The national study, part of the broader Unisys Security Index research program, surveyed 511 adults aged 18+ between 11–17 March, 2014 and was conducted by Consumer Link. The survey asked if respondents were more concerned about accidental data breaches or malicious and criminal attacks, depending on whether an organisation stored data in New Zealand or overseas.
The majority of respondents said they are equally concerned about both types of data breaches for both data stored in New Zealand (55 percent) or off-shore (63 percent).
In addition, the Unisys Security Index found that the top two areas of security concern for New Zealanders, consistent since the study began in 2006, are related to data security: unauthorised access to personal information and other people obtaining/using credit card details, with 62 percent of New Zealanders extremely or very concerned about both issues.
“The results show that a majority of New Zealanders are concerned about both accidental and malicious/criminal data breaches – regardless of whether the data is stored in-country or overseas,” said Mr John Kendall, security program director for Unisys Asia Pacific. “Therefore organisations need to take a holistic approach to data security that goes beyond traditional perimeter security and addresses potential accidental and deliberate threats within the organisation. In effect, the internal environment must be treated as ‘hostile territory’, in the same way that we must guard against external attacks.”
New Zealanders who are concerned primarily about malicious or criminal data breaches believe the risk is essentially the same for data kept in New Zealand (12 percent concerned) as for data stored in another country (13 percent concerned).
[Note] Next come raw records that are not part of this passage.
lemma val_ge_minus [simp]: "val_ge v (- x) e \<longleftrightarrow> val_ge v x e"
  by (simp add: val_ge_def)

lemma val_ge_divide: "val_ge v x e \<Longrightarrow> y \<noteq> 0 \<Longrightarrow> val_ge v (x / y) (e - v y)"
  unfolding val_ge_def by (cases "x = 0") (auto simp: val_divide)

lemma val_ge_det:
  assumes A: "A \<in> carrier_mat n n"
    and entries: "\<And>i j. i < n \<Longrightarrow> j < n \<Longrightarrow> val_ge v (A $$ (i, j)) 0"
  shows "val_ge v (det A) 0"
  unfolding det_def'[OF A]
proof (rule val_ge_sum)
  fix p assume "p \<in> {p. p permutes {0..<n}}"
  then have "val_ge v (\<Prod>i = 0..<n. A $$ (i, p i)) (\<Sum>i = 0..<n. 0)"
    by (intro val_ge_prod entries) (auto simp: permutes_in_image)
  then show "val_ge v (signof p * (\<Prod>i = 0..<n. A $$ (i, p i))) 0"
    by (simp add: sign_def)
qed

end

lemma sum_tail_le_sum_subset:
  fixes c :: "nat \<Rightarrow> 'b::linordered_idom"
  assumes antimono: "\<And>i j. i \<le> j \<Longrightarrow> j < n \<Longrightarrow> c j \<le> c i"
    and T: "T \<subseteq> {0..<n}" "card T = r"
  shows "(\<Sum>j\<in>{n-r..<n}. c j) \<le> (\<Sum>j\<in>T. c j)"
proof -
  let ?I = "{n-r..<n}"
  have fin: "finite T"
    using T(1) finite_subset by blast
  have "r \<le> n"
    using card_mono[OF _ T(1)] T(2) by simp
  then have "card (T - ?I) = card (?I - T)"
    using fin T by (simp add: card_Diff_subset_Int Int_commute)
  moreover have "c (n - r) \<le> c x" if "x \<in> T - ?I" for x
  proof -
    have "0 < r"
      using that fin T(2) card_gt_0_iff by blast
    moreover have "x < n - r"
      using that T(1) by auto
    ultimately show ?thesis
      by (intro antimono) auto
  qed
  moreover have "c y \<le> c (n - r)" if "y \<in> ?I - T" for y
    using that antimono by simp
  ultimately have "(\<Sum>j\<in>?I - T. c j) \<le> (\<Sum>j\<in>T - ?I. c j)"
    using sum_bounded_above[of "?I - T" c "c (n - r)"] sum_bounded_below[of "T - ?I" "c (n - r)" c]
    by simp
  then show ?thesis
    using sum.Int_Diff[of ?I c T] sum.Int_Diff[OF fin, of c ?I] by (simp add: Int_commute)
qed

lemma sum_list_drop: "sum_list (drop s xs) = (\<Sum>j = s..<length xs. xs ! j)"
proof -
  have "drop s xs = map ((!) xs) [s..<length xs]"
    by (rule nth_equalityI) auto
  then show ?thesis
    by (simp add: sum_set_upt_conv_sum_list_nat[symmetric])
qed

context int_valuation
begin

text \<open>Expanding \<open>det (A * B)\<close> by multilinearity in the rows, every term that survives
  picks \<open>r\<close> distinct columns of \<open>A\<close>; hence the bound is the sum of the \<open>r\<close> smallest \<open>c l\<close>.\<close>
lemma val_ge_det_mult:
  fixes c :: "nat \<Rightarrow> int"
  assumes A: "A \<in> carrier_mat r n" and B: "B \<in> carrier_mat n r"
    and A_val: "\<And>i l. i < r \<Longrightarrow> l < n \<Longrightarrow> val_ge v (A $$ (i, l)) (c l)"
    and B_val: "\<And>l u. l < n \<Longrightarrow> u < r \<Longrightarrow> val_ge v (B $$ (l, u)) 0"
    and antimono: "\<And>i j. i \<le> j \<Longrightarrow> j < n \<Longrightarrow> c j \<le> c i"
  shows "val_ge v (det (A * B)) (\<Sum>j\<in>{n-r..<n}. c j)"
proof -
  let ?F = "{f. (\<forall>i\<in>{0..<r}. f i \<in> {0..<n}) \<and> (\<forall>i. i \<notin> {0..<r} \<longrightarrow> f i = i)}"
  let ?term = "\<lambda>f. det (mat\<^sub>r r r (\<lambda>i. A $$ (i, f i) \<cdot>\<^sub>v row B (f i)))"
  have "det (A * B) = (\<Sum>f\<in>?F. ?term f)"
    unfolding mat_mul_finsum_alt[OF A B] using B by (intro det_linear_rows_sum) auto
  also have "val_ge v \<dots> (\<Sum>j\<in>{n-r..<n}. c j)"
  proof (rule val_ge_sum)
    fix f assume f: "f \<in> ?F"
    have term_eq: "?term f = (\<Prod>i = 0..<r. A $$ (i, f i)) * det (mat\<^sub>r r r (\<lambda>i. row B (f i)))"
      using B by (intro det_rows_mul) auto
    show "val_ge v (?term f) (\<Sum>j\<in>{n-r..<n}. c j)"
    proof (cases "inj_on f {0..<r}")
      case True
      have "(\<Sum>j\<in>{n-r..<n}. c j) \<le> (\<Sum>j\<in>f ` {0..<r}. c j)"
        using f True by (intro sum_tail_le_sum_subset[OF antimono]) (auto simp: card_image)
      also have "\<dots> = (\<Sum>i = 0..<r. c (f i)) + 0"
        using True by (simp add: sum.reindex)
      finally have bound: "(\<Sum>j\<in>{n-r..<n}. c j) \<le> (\<Sum>i = 0..<r. c (f i)) + 0" .
      have "val_ge v (?term f) ((\<Sum>i = 0..<r. c (f i)) + 0)"
        unfolding term_eq using f B by (intro val_ge_mult val_ge_prod val_ge_det A_val) (auto intro!: B_val)
      then show ?thesis
        using bound by (rule val_ge_mono)
    next
      case False
      then obtain i j where "i < r" "j < r" "i \<noteq> j" "f i = f j"
        unfolding inj_on_def by auto
      then have "det (mat\<^sub>r r r (\<lambda>i. row B (f i))) = 0"
        using B by (intro det_identical_rows[of _ r i j]) auto
      then show ?thesis
        unfolding term_eq by simp
    qed
  qed
  finally show ?thesis .
qed

end

section \<open>Blocks and the Levi part\<close>

lemma N_0 [simp]: "N ns 0 = 0"
  by (simp add: N_def)

lemma N_length: "N ns (length ns) = sum_list ns"
  by (simp add: N_def)

lemma N_mono: "l \<le> l' \<Longrightarrow> N ns l \<le> N ns l'"
  unfolding N_def by (metis le_Suc_ex take_add sum_list_append le_add1)

lemma N_le_iff_le_blk:
  assumes "a \<le> length ns"
  shows "N ns a \<le> i \<longleftrightarrow> a \<le> blk ns i"
proof -
  let ?S = "{l. 1 \<le> l \<and> l \<le> length ns \<and> N ns l \<le> i}"
  have fin: "finite ?S"
    by (rule finite_subset[of _ "{1..length ns}"]) auto
  show ?thesis
  proof
    assume a: "N ns a \<le> i"
    have "{1..a} \<subseteq> ?S"
    proof
      fix l assume "l \<in> {1..a}"
      then show "l \<in> ?S"
        using assms a N_mono[of l a ns] by auto
    qed
    from card_mono[OF fin this] show "a \<le> blk ns i"
      by (simp add: blk_def)
  next
    assume a: "a \<le> blk ns i"
    show "N ns a \<le> i"
    proof (rule ccontr)
      assume not_le: "\<not> N ns a \<le> i"
      have "?S \<subseteq> {1..<a}"
      proof
        fix l assume "l \<in> ?S"
        then show "l \<in> {1..<a}"
          using not_le N_mono[of a l ns] by (cases "a \<le> l") auto
      qed
      from card_mono[OF _ this] have "blk ns i \<le> a - 1"
        by (simp add: blk_def)
      moreover have "a \<noteq> 0"
        using not_le by (cases a) auto
      ultimately show False
        using a by simp
    qed
  qed
qed
(* Let $q$ be a prime power, $m\ge1$, $g_1,\dots,g_n\in\mathbb{F}_{q^m}$ linearly independent over $\mathbb{F}_q$, $r_1,\dots,r_n\in\mathbb{F}_{q^m}$, and for $0\le i\le n$ let $\mathfrak M_i$ be the interpolation module for $(g_1,\dots,g_i)$ and $(r_1,\dots,r_i)$ (defined in the context). Let $1\le i\le n$ and let $P,K,N,D\in\mathcal{L}_q(x,q^m)$ be such that the rows $[P(x)\ \ -K(x)]$ and $[N(x)\ \ -D(x)]$ form a basis of $\mathfrak M_{i-1}$. Put $\Gamma_i:=P(g_i)-K(r_i)$ and $\Delta_i:=N(g_i)-D(r_i)$. If $\Gamma_i\neq0$, then the rows of $$\begin{bmatrix}x^q-\Gamma_i^{q-1}x&0\\\Delta_ix&-\Gamma_ix\end{bmatrix}\circ\begin{bmatrix}P(x)&-K(x)\\N(x)&-D(x)\end{bmatrix}$$ form a basis of $\mathfrak M_i$. If $\Delta_i\neq0$, then the rows of $$\begin{bmatrix}\Delta_ix&-\Gamma_ix\\0&x^q-\Delta_i^{q-1}x\end{bmatrix}\circ\begin{bmatrix}P(x)&-K(x)\\N(x)&-D(x)\end{bmatrix}$$ form a basis of $\mathfrak M_i$.
   Context: Write $[i]:=q^i$. A $q$-linearized polynomial is $f(x)=\sum_{j=0}^{d}a_jx^{[j]}$, $a_j\in\mathbb{F}_{q^m}$; $\mathcal{L}_q(x,q^m)$ is the ring of these under addition and composition $\circ$. For $\mathbb{F}_q$-linearly independent $g_1,\dots,g_i$, $\Pi_i(x):=\prod_{u\in\langle g_1,\dots,g_i\rangle}(x-u)$ ($\mathbb{F}_q$-span), which lies in $\mathcal{L}_q(x,q^m)$, and $\Lambda_i(x):=\sum_{l=1}^i(-1)^{i-l}r_l\det(\mathfrak D_l)/\det(M_i(g_1,\dots,g_i))$, where $M_i(v_1,\dots,v_s)$ is the $i\times s$ matrix with $(j,l)$ entry $v_l^{[j-1]}$ and $\mathfrak D_l$ is $M_i(g_1,\dots,g_i,x)$ with the $l$-th column removed; $\Lambda_i\in\mathcal{L}_q(x,q^m)$ and $\Lambda_i(g_l)=r_l$ for $l\le i$. $\mathcal{L}_q(x,q^m)^2$ is a left module via $h\circ[f_1\ f_2]=[h\circ f_1\ \ h\circ f_2]$. The interpolation module $\mathfrak M_i$ is the set of all $\beta\circ[\Pi_i(x)\ \ 0]+\gamma\circ[-\Lambda_i(x)\ \ x]$ with $\beta,\gamma\in\mathcal{L}_q(x,q^m)$; for $i=0$ we use $\Pi_0(x)=x$, $\Lambda_0=0$, so $\mathfrak M_0=\mathcal{L}_q(x,q^m)^2$. A basis of a submodule is a generating set $\{f^{(1)},\dots,f^{(s)}\}$ such that $\sum a_l\circ f^{(l)}=0$ with $a_l\in\mathcal{L}_q(x,q^m)$ implies all $a_l=0$. Composition of a $2\times2$ matrix with a $2\times2$ matrix over $\mathcal{L}_q(x,q^m)$ is defined like matrix multiplication with products replaced by composition. *)

theory Defs
  imports "HOL-Computational_Algebra.Polynomial" "HOL-Computational_Algebra.Primes"
    "Jordan_Normal_Form.Determinant"
begin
“Surprisingly, New Zealanders who are primarily concerned about accidental data breaches believe the risk is greater for organisations that store data in New Zealand (11 percent concerned) than for organisations that store data overseas (5 percent concerned). This result likely reflects the several well-publicised data breaches in New Zealand over the last couple of years that have eroded the public’s confidence in the steps taken by some local organisations to protect their data,” Mr Kendall said.
“New Zealand organisations need to rebuild trust with the customers and citizens they deal with by building confidence that sensitive data is being adequately protected – not just from malicious attacks but also from human and computer error,” Mr Kendall said.